La crise des Gilets jaunes avait marqué un retour de cette question sociale ?
En effet, la crise des Gilets jaunes était d’abord sociale. C’est une révolte contre l’indignité de travailler et ne plus pouvoir vivre de son salaire. C’est la détresse des travailleurs pauvres qui l’a alimentée. Autrefois, les syndicats et les partis de gauche auraient porté cette colère. Or, on voit que la gauche n’a pas su capter les Gilets jaunes, voire qu’elle en a été rejetée. C’est une rupture, sans doute parce que la gauche de gouvernement est perçue par une partie de l’opinion comme ayant trahi le peuple.
Depuis quand cette défiance s’est-elle accentuée ?
Le Parti socialiste a, en 1983, opéré un virage idéologique qui n’a jamais été clarifié. Le PS a continué à se dire socialiste alors qu’il ne l’était plus. Je pense que la victoire de François Hollande a été la goutte d’eau qui a fait déborder le vase. Il a représenté un dernier espoir, et il a beaucoup déçu. L’épisode des « sans-dents » a été ravageur, car il révélait une forme de cynisme et de condescendance vis-à-vis du peuple.
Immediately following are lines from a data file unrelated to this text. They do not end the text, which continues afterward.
text \<open>For antisymmetric \<open>z\<close>, \<open>F\<^sub>z / 2 = G\<close> with \<open>G = \<Sum>\<^sub>a\<^sub>b z\<^sub>a\<^sub>b B\<^sub>a\<^sup>\<dagger> A\<^sub>b\<^sup>\<dagger>\<close>, which
  raises the total occupation number by two, while \<open>\<A>\<close> acts on occupation-number vectors as half
  their total occupation. Hence the projection onto \<open>\<A> = J\<close> keeps exactly the term
  \<open>G\<^sup>J|0\<rangle>/J!\<close> of the exponential. Its norm is computed by moving \<open>G\<^sup>\<dagger>\<close> through the powers of
  \<open>G\<close>: \<open>[G\<^sup>\<dagger>, G] = tr(z\<^sup>*z) + K\<close> with a quadratic hopping operator \<open>K\<close>, and \<open>[K, G]\<close> is again
  a pair creation operator, with matrix \<open>2 z z\<^sup>* z\<close>. An antisymmetric matrix of rank two has the
  form \<open>x y\<^sup>T - y x\<^sup>T\<close>, and then \<open>z z\<^sup>* z = \<lambda> z\<close> with \<open>\<lambda> = tr(z\<^sup>*z)/2\<close>. This gives
  \<open>G\<^sup>\<dagger> G\<^sup>J\<^sup>+\<^sup>1|0\<rangle> = \<lambda>(J+1)(J+2) G\<^sup>J|0\<rangle>\<close>, so \<open>\<parallel>G\<^sup>J|0\<rangle>\<parallel>\<^sup>2 = \<lambda>\<^sup>J J! (J+1)!\<close>.
  Finally \<open>det(1 - z\<^sup>*z)\<close> is real and positive, because \<open>det(1 - t z\<^sup>*z)\<close> is real and cannot
  vanish for \<open>0 \<le> t \<le> 1\<close>.\<close>

section \<open>Occupation numbers\<close>

lemma UNIV_mode: "(UNIV :: 'n mode set) = range ModeA \<union> range ModeB"
  by (auto simp: image_iff) (metis mode.exhaust)

instance mode :: (finite) finite
  by standard (simp add: UNIV_mode)

definition total_occ :: "'n::finite occ \<Rightarrow> nat" where
  "total_occ m = sum m UNIV"

lemma total_occ_update: "total_occ (m(i := k)) + m i = total_occ m + k"
proof -
  have "total_occ m = m i + sum m (UNIV - {i})"
    unfolding total_occ_def by (rule sum.remove) auto
  moreover have "total_occ (m(i := k)) = k + sum (m(i := k)) (UNIV - {i})"
    unfolding total_occ_def by (subst sum.remove[of _ i]) auto
  moreover have "sum (m(i := k)) (UNIV - {i}) = sum m (UNIV - {i})"
    by (rule sum.cong) auto
  ultimately show ?thesis by simp
qed

lemma total_occ_modes: "total_occ m = (\<Sum>a\<in>UNIV. m (ModeA a)) + (\<Sum>a\<in>UNIV. m (ModeB a))"
proof -
  have "total_occ m = sum m (range ModeA) + sum m (range ModeB)"
    unfolding total_occ_def UNIV_mode by (rule sum.union_disjoint) auto
  then show ?thesis
    by (simp add: sum.reindex inj_def)
qed

lemma total_occ_eq_0_iff: "total_occ m = 0 \<longleftrightarrow> m = (\<lambda>_. 0)"
  unfolding total_occ_def by (auto simp: fun_eq_iff)

lemma finite_total_occ: "finite {m :: 'n::finite occ. total_occ m = d}"
proof (rule finite_subset)
  show "{m :: 'n occ. total_occ m = d} \<subseteq> Pi\<^sub>E UNIV (\<lambda>_. {..d})"
  proof
    fix m :: "'n occ"
    assume "m \<in> {m. total_occ m = d}"
    then have "m i \<le> d" for i
      unfolding total_occ_def using member_le_sum[of i UNIV m] by auto
    then show "m \<in> Pi\<^sub>E UNIV (\<lambda>_. {..d})" by (simp add: PiE_UNIV_domain)
  qed
qed (rule finite_PiE; simp)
Désormais, le mouvement social n’est pas relié à la gauche, voire même il s’en défie. Pour la gauche, le défi sera donc de redevenir légitime et de représenter le peuple.
Les classes populaires ont quitté la gauche ?
Il convient de remarquer qu’aujourd’hui, le premier parti ouvrier, ce n’est pas le Rassemblement national, mais l’abstention. Certains, comme Mélenchon, tentent de récupérer le vote ouvrier, de séduire les électeurs « fâchés, mais pas fachos ». Néanmoins, le discours souverainiste, que développent les Insoumis, légitime en fait le RN, sans faire revenir les électeurs. Il est vrai que le clivage gauche-droite est troublé, avec des souverainistes et des libéraux à droite comme à gauche. Nous vivons dans un monde qu’on ne connaissait pas avant les années 1990, dont les frontières politiques étaient plus nettes. Auparavant, on arrivait à tout classer, désormais, le paysage est éclaté de façon transversale ; d’où la nécessité pour la gauche de se reconstruire.
Après « À Bâbord toute ! », vous allez vous attaquer à la droite ?
Le scénario d’À Tribord toute ! est terminé. Marko travaille sur le dessin. On va garder le même esprit, ne serait-ce que parce que l’histoire de la droite répond en écho à celle de la gauche.